Due to an increase in the availability of data and computation power, it is more practical to develop deep learning models and use them for solving real-life problems like speech recognition, object recognition, and natural language processing. A lot of companies have deep learning models as the core technology of their commercial products. But deep learning models require a large amount of data, a huge amount of computational resources, and human expertise. For example, ResNet50 (He et al. Citation2016), a deep learning model with 50 layers can take hours or even days depending upon the hardware provided to be trained on the ImageNet dataset (Deng et al. Citation2009). This makes training of deep learning models a resource-intensive and costly process. The organizations and developers invest a lot of resources to develop a model good enough to be used commercially. Due to this, many deep learning models are considered intellectual property. Illegal reproduction, distribution, and modification of machine learning models can cause economic damage to the model developers and can lead to copyright infringement.

Related Work

There are various research works done in the domain of watermarking of deep neural networks but most of them are constrained to the image classification models. Szegedy et al. (Citation2013) showed that deep neural networks are susceptible to the addition of perturbations that are not easily detectable by humans and can cause a deep neural network to misclassify the input. These inputs are known as adversarial examples. Namba and Sakuma (Citation2019) used exponential weighting to embed the watermark over a deep neural network. Keys are generated using exponential weighting. Layers resistant to modification to the model are assigned more weight. So that even fine-tuning the stolen model does not remove the watermark. Uchida et al. (Citation2017) proposed a framework to digitally watermark deep learning models in the white-box setting. A vector is computed which when multiplied with the weight vectors of the model gives the final vector. The watermark can be verified by multiplying the weights of the alleged stolen model and the initial vector.
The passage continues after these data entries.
(* For every $n\ge 1$, every orientation $\overrightarrow{K_{1,n}}$ of the star $K_{1,n}$ is $\{0,1\}$-antimagic.
   Context: An oriented graph $\overrightarrow{G}$ is a directed graph obtained from a simple undirected graph by giving each edge one direction. For vertices $u,v$, $d(u,v)$ is the length of a shortest directed path from $u$ to $v$ ($d(u,u)=0$, and $d(u,v)=\infty$ if there is no such path). Let $\partial=\max\{d(u,v)<\infty : u,v\in V(\overrightarrow{G})\}$. A distance set is a nonempty $D\subseteq\{0,1,\dots,\partial\}$. The $D$-neighborhood of $u$ is $N_D(u)=\{v : d(u,v)\in D\}$. For a bijection $f:V(\overrightarrow{G})\to\{1,\dots,|V(\overrightarrow{G})|\}$, the $D$-weight of $u$ is $\omega_D(u)=\sum_{v\in N_D(u)} f(v)$. $\overrightarrow{G}$ is $D$-antimagic if $D\subseteq\{0,\dots,\partial\}$ and there is such a bijection $f$ with all $D$-weights pairwise distinct. *)

theory Defs
  imports Main "HOL-Library.Extended_Nat"
begin

inductive walk :: "('a \<times> 'a) set \<Rightarrow> 'a \<Rightarrow> 'a \<Rightarrow> nat \<Rightarrow> bool" for A where
  walk_nil: "walk A u u 0"
| walk_step: "(u, w) \<in> A \<Longrightarrow> walk A w v k \<Longrightarrow> walk A u v (Suc k)"

definition ddist :: "('a \<times> 'a) set \<Rightarrow> 'a \<Rightarrow> 'a \<Rightarrow> enat" where
  "ddist A u v = (if \<exists>k. walk A u v k then enat (LEAST k. walk A u v k) else \<infinity>)"

definition finite_diam :: "'a set \<Rightarrow> ('a \<times> 'a) set \<Rightarrow> nat" where
  "finite_diam V A = Max {k. \<exists>u\<in>V. \<exists>v\<in>V. ddist A u v = enat k}"

definition oriented_graph :: "'a set \<Rightarrow> ('a \<times> 'a) set \<Rightarrow> bool" where
  "oriented_graph V A \<longleftrightarrow> finite V \<and> A \<subseteq> V \<times> V \<and>
     (\<forall>u. (u, u) \<notin> A) \<and> (\<forall>u v. (u, v) \<in> A \<longrightarrow> (v, u) \<notin> A)"

definition D_nbhd :: "('a \<times> 'a) set \<Rightarrow> 'a set \<Rightarrow> nat set \<Rightarrow> 'a \<Rightarrow> 'a set" where
  "D_nbhd A V D u = {v \<in> V. \<exists>k\<in>D. ddist A u v = enat k}"

definition D_weight :: "('a \<times> 'a) set \<Rightarrow> 'a set \<Rightarrow> nat set \<Rightarrow> ('a \<Rightarrow> nat) \<Rightarrow> 'a \<Rightarrow> nat" where
  "D_weight A V D f u = (\<Sum>v\<in>D_nbhd A V D u. f v)"

definition D_antimagic :: "'a set \<Rightarrow> ('a \<times> 'a) set \<Rightarrow> nat set \<Rightarrow> bool" where
  "D_antimagic V A D \<longleftrightarrow> D \<noteq> {} \<and> D \<subseteq> {0..finite_diam V A} \<and>
     (\<exists>f. bij_betw f V {1..card V} \<and> inj_on (D_weight A V D f) V)"

definition star_orientation :: "'a set \<Rightarrow> ('a \<times> 'a) set \<Rightarrow> 'a \<Rightarrow> nat \<Rightarrow> bool" where
  "star_orientation V A c n \<longleftrightarrow> finite V \<and> c \<in> V \<and> card V = n + 1 \<and>
     A \<subseteq> ({c} \<times> (V - {c})) \<union> ((V - {c}) \<times> {c}) \<and>
     (\<forall>l\<in>V - {c}. ((c, l) \<in> A \<longleftrightarrow> (l, c) \<notin> A))"

end

theory Submission
  imports Defs
begin

text \<open>The \<open>{0, 1}\<close>-weight of a vertex is its own label plus the labels of its
  out-neighbours. Give the centre the label \<open>n + 1\<close>, the leaves with an arc into the centre
  the labels \<open>1, \<dots>, i\<close> and the leaves with an arc from the centre the labels
  \<open>i + 1, \<dots>, n\<close>. Then the latter leaves have weight at most \<open>n\<close>, the former have distinct
  weights in \<open>n + 2, \<dots>, n + 1 + i\<close>, and the centre has weight \<open>n + 1\<close> plus the labels of the
  out-leaves, which is \<open>n + 1\<close> if there are none and exceeds \<open>n + 1 + i\<close> otherwise.\<close>

lemma walk_0_iff: "walk A u v 0 \<longleftrightarrow> u = v"
  by (auto elim: walk.cases intro: walk.intros)

lemma walk_Suc_0_iff: "walk A u v (Suc 0) \<longleftrightarrow> (u, v) \<in> A"
  by (auto elim!: walk.cases intro: walk.intros)

lemma ddist_eq_enat_iff:
  "ddist A u v = enat k \<longleftrightarrow> walk A u v k \<and> (\<forall>j<k. \<not> walk A u v j)"
proof
  assume "ddist A u v = enat k"
  then have walks: "\<exists>k. walk A u v k" and least: "(LEAST k. walk A u v k) = k"
    by (auto simp: ddist_def split: if_splits)
  show "walk A u v k \<and> (\<forall>j<k. \<not> walk A u v j)"
    using LeastI_ex[OF walks] not_less_Least[of _ "walk A u v"] least by auto
next
  assume "walk A u v k \<and> (\<forall>j<k. \<not> walk A u v j)"
  then show "ddist A u v = enat k"
    unfolding ddist_def by (auto intro!: Least_equality simp: not_less[symmetric])
qed

lemma ddist_eq_0_iff: "ddist A u v = enat 0 \<longleftrightarrow> u = v"
  by (simp add: ddist_eq_enat_iff walk_0_iff)

lemma ddist_eq_1_iff: "ddist A u v = enat 1 \<longleftrightarrow> (u, v) \<in> A \<and> u \<noteq> v"
  by (auto simp: ddist_eq_enat_iff walk_0_iff walk_Suc_0_iff less_Suc_eq)

lemma D_nbhd_0_1:
  assumes "A \<subseteq> V \<times> V" and "u \<in> V"
  shows "D_nbhd A V {0, 1} u = insert u (A `` {u})"
proof -
  have "(\<exists>k\<in>{0, 1}. ddist A u v = enat k) \<longleftrightarrow> u = v \<or> (u, v) \<in> A" for v
    using ddist_eq_0_iff[of A u v] ddist_eq_1_iff[of A u v] by blast
  then show ?thesis
    using assms unfolding D_nbhd_def by (auto simp del: insert_iff)
qed

lemma D_weight_0_1:
  assumes "oriented_graph V A" and "u \<in> V"
  shows "D_weight A V {0, 1} f u = f u + sum f (A `` {u})"
proof -
  have "finite (A `` {u})" and "u \<notin> A `` {u}" and "A \<subseteq> V \<times> V"
    using assms(1) finite_subset[of "A `` {u}" V] by (auto simp: oriented_graph_def)
  then show ?thesis
    unfolding D_weight_def D_nbhd_0_1[OF \<open>A \<subseteq> V \<times> V\<close> assms(2)] by simp
qed

lemma finite_diam_ge:
  assumes "oriented_graph V A" and "u \<in> V" and "v \<in> V" and "ddist A u v = enat k"
  shows "k \<le> finite_diam V A"
proof -
  have "{k. \<exists>u\<in>V. \<exists>v\<in>V. ddist A u v = enat k} \<subseteq> (\<lambda>(u, v). the_enat (ddist A u v)) ` (V \<times> V)"
    by force
  moreover have "finite V"
    using assms(1) by (simp add: oriented_graph_def)
  ultimately have "finite {k. \<exists>u\<in>V. \<exists>v\<in>V. ddist A u v = enat k}"
    by (meson finite_SigmaI finite_imageI finite_subset)
  then show ?thesis
    unfolding finite_diam_def using assms(2-4) by (intro Max_ge) auto
qed

lemma bij_betw_append_intervals:
  fixes s t :: nat
  assumes "bij_betw g S {1..s}" and "bij_betw h T {1..t}" and "S \<inter> T = {}"
  shows "bij_betw (\<lambda>x. if x \<in> S then g x else s + h x) (S \<union> T) {1..s + t}"
proof -
  let ?f = "\<lambda>x. if x \<in> S then g x else s + h x"
  have "bij_betw ?f S {1..s}"
    using assms(1) by (rule bij_betw_cong[THEN iffD1, rotated]) simp
  moreover have "bij_betw ((+) s) {1..t} {s + 1..s + t}"
    using image_add_atLeastAtMost[of s 1 t] by (simp add: ac_simps)
  then have "bij_betw (\<lambda>x. s + h x) T {s + 1..s + t}"
    using bij_betw_trans[OF assms(2)] unfolding comp_def by blast
  then have "bij_betw ?f T {s + 1..s + t}"
    by (rule bij_betw_cong[THEN iffD1, rotated]) (use assms(3) in auto)
  ultimately have "bij_betw ?f (S \<union> T) ({1..s} \<union> {s + 1..s + t})"
    by (rule bij_betw_combine) auto
  moreover have "{1..s} \<union> {s + 1..s + t} = {1..s + t}"
    by auto
  ultimately show ?thesis
    by simp
qed

lemma star_orientation_oriented_graph:
  "star_orientation V A c n \<Longrightarrow> oriented_graph V A"
  by (auto simp: star_orientation_def oriented_graph_def)

lemma star_orientation_leaves:
  assumes "star_orientation V A c n"
  shows "A `` {c} \<union> A\<inverse> `` {c} = V - {c}" and "A `` {c} \<inter> A\<inverse> `` {c} = {}"
  using assms by (auto simp: star_orientation_def)

lemma star_orientation_Image_leaf:
  assumes "star_orientation V A c n"
  shows "l \<in> A\<inverse> `` {c} \<Longrightarrow> A `` {l} = {c}" and "l \<in> A `` {c} \<Longrightarrow> A `` {l} = {}"
  using assms by (auto simp: star_orientation_def)

lemma star_orientation_ex_labelling:
  assumes "star_orientation V A c n"
  obtains f where "bij_betw f V {1..n + 1}" and "f c = n + 1"
    and "\<forall>x\<in>A\<inverse> `` {c}. \<forall>y\<in>A `` {c}. f x < f y"
proof -
  let ?In = "A\<inverse> `` {c}" and ?Out = "A `` {c}"
  have "finite V" and "c \<in> V" and "card V = n + 1"
    using assms by (auto simp: star_orientation_def)
  then have "finite ?In" and "finite ?Out"
    using star_orientation_leaves(1)[OF assms] by (auto intro: finite_subset)
  then have "card ?In + card ?Out = n"
    using star_orientation_leaves[OF assms] card_Un_disjoint[of ?Out ?In] \<open>card V = n + 1\<close>
      \<open>finite V\<close> \<open>c \<in> V\<close>
    by simp
  obtain gI gO where gI: "bij_betw gI ?In {1..card ?In}" and gO: "bij_betw gO ?Out {1..card ?Out}"
    using finite_same_card_bij[OF \<open>finite ?In\<close>] finite_same_card_bij[OF \<open>finite ?Out\<close>]
    by (metis card_atLeastAtMost diff_Suc_1 finite_atLeastAtMost)
  let ?g = "\<lambda>x. if x \<in> ?In then gI x else card ?In + gO x"
  have "bij_betw ?g (V - {c}) {1..n}"
    using bij_betw_append_intervals[OF gI gO] star_orientation_leaves[OF assms]
    by (simp add: Un_commute Int_commute \<open>card ?In + card ?Out = n\<close>)
  moreover have "bij_betw (\<lambda>_. 1) {c} {1..1::nat}"
    by (simp add: bij_betw_def)
  ultimately have "bij_betw (\<lambda>x. if x \<in> V - {c} then ?g x else n + 1) V {1..n + 1}"
    using bij_betw_append_intervals[of ?g "V - {c}" n "\<lambda>_. 1" "{c}" 1] \<open>c \<in> V\<close>
    by (simp add: insert_absorb)
  moreover have "?g x < ?g y" if "x \<in> ?In" and "y \<in> ?Out" for x y
  proof -
    have "gI x \<le> card ?In" and "1 \<le> gO y"
      using that gI gO by (auto simp: bij_betw_def)
    moreover have "y \<notin> ?In"
      using that star_orientation_leaves(2)[OF assms] by blast
    ultimately show ?thesis
      using that by simp
  qed
  moreover have "?In \<subseteq> V - {c}" and "?Out \<subseteq> V - {c}"
    using star_orientation_leaves(1)[OF assms] by auto
  ultimately show thesis
    by (intro that[of "\<lambda>x. if x \<in> V - {c} then ?g x else n + 1"]) (auto simp del: Diff_iff)
qed

lemma star_orientation_inj_on_D_weight:
  assumes star: "star_orientation V A c n"
    and f: "bij_betw f V {1..n + 1}" and f_c: "f c = n + 1"
    and in_below_out: "\<forall>x\<in>A\<inverse> `` {c}. \<forall>y\<in>A `` {c}. f x < f y"
  shows "inj_on (D_weight A V {0, 1} f) V"
proof -
  \<comment> \<open>Kept opaque: the simplifier would turn \<open>{0, 1}\<close> into \<open>{0, Suc 0}\<close> and no
    longer match the weight equations below.\<close>
  define W where "W = D_weight A V {0, 1} f"
  let ?In = "A\<inverse> `` {c}" and ?Out = "A `` {c}"
  have graph: "oriented_graph V A"
    using star by (rule star_orientation_oriented_graph)
  have "finite V" and "c \<in> V"
    using star by (auto simp: star_orientation_def)
  have V: "V = insert c (?Out \<union> ?In)" and leaves_V: "?Out \<union> ?In \<subseteq> V"
    using star_orientation_leaves(1)[OF star] \<open>c \<in> V\<close> by auto
  have "inj_on f V"
    using f by (rule bij_betw_imp_inj_on)
  have f_range: "f x \<in> {1..n + 1}" if "x \<in> V" for x
    using f that by (rule bij_betw_apply)
  have W_c: "W c = n + 1 + sum f ?Out"
    unfolding W_def using D_weight_0_1[OF graph \<open>c \<in> V\<close>] f_c by simp
  have W_In: "W x = f x + (n + 1)" if "x \<in> ?In" for x
    unfolding W_def using D_weight_0_1[OF graph, of x] star_orientation_Image_leaf(1)[OF star that]
      that leaves_V f_c
    by auto
  have W_Out: "W y = f y" if "y \<in> ?Out" for y
    unfolding W_def using D_weight_0_1[OF graph, of y] star_orientation_Image_leaf(2)[OF star that]
      that leaves_V
    by auto
  have f_Out: "f y \<le> n" if "y \<in> ?Out" for y
  proof -
    have "y \<in> V" and "y \<noteq> c"
      using that star_orientation_leaves(1)[OF star] by auto
    then have "f y \<noteq> f c"
      using inj_onD[OF \<open>inj_on f V\<close>] \<open>c \<in> V\<close> by metis
    with f_range[OF \<open>y \<in> V\<close>] show ?thesis
      using f_c by auto
  qed
  have "inj_on f ?Out" and "inj_on (\<lambda>x. f x + (n + 1)) ?In"
    using inj_on_subset[OF \<open>inj_on f V\<close>] leaves_V by (auto simp: inj_on_def)
  have "inj_on W ?Out"
    using \<open>inj_on f ?Out\<close> by (rule inj_on_cong[THEN iffD2, rotated]) (rule W_Out)
  moreover have "inj_on W ?In"
    using \<open>inj_on (\<lambda>x. f x + (n + 1)) ?In\<close> by (rule inj_on_cong[THEN iffD2, rotated]) (rule W_In)
  moreover have "W ` ?Out \<inter> W ` ?In = {}"
    using f_Out by (force simp: W_Out W_In)
  moreover have "sum f ?Out \<noteq> f x" if "x \<in> ?In" for x
  proof (cases "?Out = {}")
    case True
    have "f x \<ge> 1"
      using f_range that leaves_V by auto
    then show ?thesis
      using True by simp
  next
    case False
    then obtain y where "y \<in> ?Out"
      by blast
    have "finite ?Out"
      using leaves_V \<open>finite V\<close> by (auto intro: finite_subset)
    with \<open>y \<in> ?Out\<close> have "f y \<le> sum f ?Out"
      by (intro member_le_sum) simp_all
    moreover have "f x < f y"
      using in_below_out that \<open>y \<in> ?Out\<close> by blast
    ultimately show ?thesis
      by simp
  qed
  then have "W c \<notin> W ` (?Out \<union> ?In)"
    using f_Out by (force simp: W_c W_Out W_In)
  ultimately show ?thesis
    unfolding W_def[symmetric] by (subst V) (auto simp: inj_on_Un)
qed

lemma star_orientation_finite_diam_ge_1:
  assumes "n \<ge> 1" and star: "star_orientation V A c n"
  shows "1 \<le> finite_diam V A"
proof -
  have "card (V - {c}) = n"
    using star by (simp add: star_orientation_def)
  then obtain l where "l \<in> V - {c}"
    using \<open>n \<ge> 1\<close> by (metis all_not_in_conv card.empty not_one_le_zero)
  then have "(c, l) \<in> A \<or> (l, c) \<in> A"
    using star by (auto simp: star_orientation_def)
  then obtain u v where "(u, v) \<in> A" and "u \<noteq> v"
    using \<open>l \<in> V - {c}\<close> by blast
  then have "ddist A u v = enat 1"
    by (rule ddist_eq_1_iff[THEN iffD2, OF conjI])
  moreover have "oriented_graph V A"
    using star by (rule star_orientation_oriented_graph)
  ultimately show ?thesis
    using \<open>(u, v) \<in> A\<close> by (intro finite_diam_ge[of V A u v]) (auto simp: oriented_graph_def)
qed

theorem mainTheorem2:
  fixes V :: "'a set" and A :: "('a \<times> 'a) set" and c :: 'a and n :: nat
  assumes "n \<ge> 1" and "star_orientation V A c n"
  shows "D_antimagic V A {0, 1}"
proof -
  obtain f where f: "bij_betw f V {1..n + 1}" and "f c = n + 1"
    and "\<forall>x\<in>A\<inverse> `` {c}. \<forall>y\<in>A `` {c}. f x < f y"
    using star_orientation_ex_labelling[OF assms(2)] .
  then have "inj_on (D_weight A V {0, 1} f) V"
    using star_orientation_inj_on_D_weight[OF assms(2)] by blast
  moreover have "card V = n + 1"
    using assms(2) by (simp add: star_orientation_def)
  moreover have "{0, 1} \<subseteq> {0..finite_diam V A}"
    using star_orientation_finite_diam_ge_1[OF assms] by auto
  ultimately show ?thesis
    unfolding D_antimagic_def using f by auto
qed

end
lemma piecewise_continuous_measurable:
  assumes s: "s \<in> {a..T}" and cont: "\<And>k. k \<le> m \<Longrightarrow> continuous_on {t k<..t (Suc k)} y"
  shows "y \<in> borel_measurable (lebesgue_on {a..s})"
proof (rule measurable_piecewise_restrict[of "insert {a} ((\<lambda>k. {t k<..t (Suc k)}) ` {..m})"])
  show "countable (insert {a} ((\<lambda>k. {t k<..t (Suc k)}) ` {..m}))" by simp
next
  fix \<Omega> assume \<Omega>: "\<Omega> \<in> insert {a} ((\<lambda>k. {t k<..t (Suc k)}) ` {..m})"
  then have leb: "\<Omega> \<in> sets lebesgue" by auto
  then show "\<Omega> \<inter> space (lebesgue_on {a..s}) \<in> sets (lebesgue_on {a..s})"
    by (simp add: sets_restrict_space_iff sets.Int)
  have "continuous_on ({a..s} \<inter> \<Omega>) y"
    using \<Omega> s cont by (auto intro: continuous_on_subset simp: continuous_on_sing)
  then have "y \<in> borel_measurable (lebesgue_on ({a..s} \<inter> \<Omega>))"
    using leb by (intro continuous_imp_measurable_on_sets_lebesgue) auto
  moreover have "restrict_space (lebesgue_on {a..s}) \<Omega> = lebesgue_on ({a..s} \<inter> \<Omega>)"
    using leb by (intro restrict_restrict_space) auto
  ultimately show "y \<in> borel_measurable (restrict_space (lebesgue_on {a..s}) \<Omega>)" by simp
next
  show "space (lebesgue_on {a..s}) \<subseteq> \<Union> (insert {a} ((\<lambda>k. {t k<..t (Suc k)}) ` {..m}))"
  proof
    fix r assume "r \<in> space (lebesgue_on {a..s})"
    then have r: "a \<le> r" "r \<le> s" by auto
    show "r \<in> \<Union> (insert {a} ((\<lambda>k. {t k<..t (Suc k)}) ` {..m}))"
    proof (cases "r = a")
      case False
      then obtain k where "k \<le> m" "t k < r" "r \<le> t (Suc k)"
        using partition_cover[of t r m] r s t_0 t_Suc_m by auto
      then show ?thesis by auto
    qed simp
  qed
qed

lemma PC_left_limit:
  assumes u: "u \<in> PC_space \<phi> \<phi>' a T t m \<sigma>" and k: "k \<in> {1..m}"
  shows "Lim (at_left (t k)) u = u (t k)"
proof -
  obtain j where j: "k = Suc j" "j \<le> m" using k by (cases k) auto
  define w where "w s = (\<phi> s - \<phi> a) powr (1 - \<sigma>) * u s" for s
  have tk: "t j < t k" "t k \<in> {a<..T}" "a \<le> t j"
    using t_less_Suc[of j] t_mem[of k] t_le[of 0 j] j t_0 by auto
  define p where "p = (t j + t k) / 2"
  have p: "t j < p" "p < t k" using tk by (auto simp: p_def)
  have at: "at (t k) within {p..t k} = at_left (t k)"
    using p by (intro at_within_Icc_at_left)
  have "continuous_on {p..t k} w"
    using u j p unfolding PC_space_def w_def by (auto intro: continuous_on_subset)
  then have "(w \<longlongrightarrow> w (t k)) (at_left (t k))"
    using p by (auto simp: continuous_on_def at[symmetric])
  moreover have "continuous_on {p..t k} \<phi>"
    using p tk by (auto intro: continuous_on_subset[OF phi_continuous])
  then have "(\<phi> \<longlongrightarrow> \<phi> (t k)) (at_left (t k))"
    using p by (auto simp: continuous_on_def at[symmetric])
  ultimately have "((\<lambda>s. w s / (\<phi> s - \<phi> a) powr (1 - \<sigma>)) \<longlongrightarrow> w (t k) / (\<phi> (t k) - \<phi> a) powr (1 - \<sigma>))
                    (at_left (t k))"
    using phi_diff_pos[OF tk(2)] by (intro tendsto_intros) auto
  moreover have "\<forall>\<^sub>F s in at_left (t k). w s / (\<phi> s - \<phi> a) powr (1 - \<sigma>) = u s"
  proof (rule eventually_mono[OF eventually_at_left_real[OF p(2)]])
    fix s assume "s \<in> {p<..<t k}"
    then have "0 < \<phi> s - \<phi> a" using p tk by (intro phi_diff_pos) auto
    then show "w s / (\<phi> s - \<phi> a) powr (1 - \<sigma>) = u s" by (simp add: w_def)
  qed
  moreover have "w (t k) / (\<phi> (t k) - \<phi> a) powr (1 - \<sigma>) = u (t k)"
    using phi_diff_pos[OF tk(2)] by (simp add: w_def)
  ultimately have "(u \<longlongrightarrow> u (t k)) (at_left (t k))"
    using Lim_transform_eventually by fastforce
  then show ?thesis by (intro tendsto_Lim) auto
qed

lemma PC_weighted_bounded:
  assumes "u \<in> PC_space \<phi> \<phi>' a T t m \<sigma>"
  obtains M where "\<And>r. r \<in> {a<..T} \<Longrightarrow> \<bar>(\<phi> r - \<phi> a) powr (1 - \<sigma>) * u r\<bar> \<le> M"
  using assms unfolding PC_space_def bounded_iff by fastforce

lemma PC_weighted_difference_bounded:
  assumes u: "u \<in> PC_space \<phi> \<phi>' a T t m \<sigma>" and v: "v \<in> PC_space \<phi> \<phi>' a T t m \<sigma>"
  obtains M where "\<And>r. r \<in> {a<..T} \<Longrightarrow> (\<phi> r - \<phi> a) powr (1 - \<sigma>) * \<bar>u r - v r\<bar> \<le> M"
proof -
  obtain Mu Mv where Mu: "\<And>r. r \<in> {a<..T} \<Longrightarrow> \<bar>(\<phi> r - \<phi> a) powr (1 - \<sigma>) * u r\<bar> \<le> Mu"
    and Mv: "\<And>r. r \<in> {a<..T} \<Longrightarrow> \<bar>(\<phi> r - \<phi> a) powr (1 - \<sigma>) * v r\<bar> \<le> Mv"
    using PC_weighted_bounded[OF u] PC_weighted_bounded[OF v] by metis
  have "(\<phi> r - \<phi> a) powr (1 - \<sigma>) * \<bar>u r - v r\<bar> \<le> Mu + Mv" if r: "r \<in> {a<..T}" for r
  proof -
    have "(\<phi> r - \<phi> a) powr (1 - \<sigma>) * \<bar>u r - v r\<bar>
          = \<bar>(\<phi> r - \<phi> a) powr (1 - \<sigma>) * u r - (\<phi> r - \<phi> a) powr (1 - \<sigma>) * v r\<bar>"
      by (simp add: abs_mult right_diff_distrib[symmetric])
    also have "\<dots> \<le> \<bar>(\<phi> r - \<phi> a) powr (1 - \<sigma>) * u r\<bar> + \<bar>(\<phi> r - \<phi> a) powr (1 - \<sigma>) * v r\<bar>"
      by (rule abs_triangle_ineq4)
    finally show ?thesis using Mu[OF r] Mv[OF r] by linarith
  qed
  then show ?thesis by (rule that)
qed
If the product is the same, ownership of the model can be verified. But there are two drawbacks: (1) The adversary can change the parameters of the model by fine-tuning the model or by pruning parameters (Han et al. Citation2015). (2) The model parameters should be accessible for the given approach to be applied i.e. this approach works only in the white-box method and it’s not always possible. Adi et al. (Citation2018) used backdooring in their approach. In machine learning, backdooring refers to training a model for a specific set of inputs to predict target results that are often wrong. This set of inputs can be used as the watermark and also suitable for the black-box setting. But this method reduces the overall accuracy of the model.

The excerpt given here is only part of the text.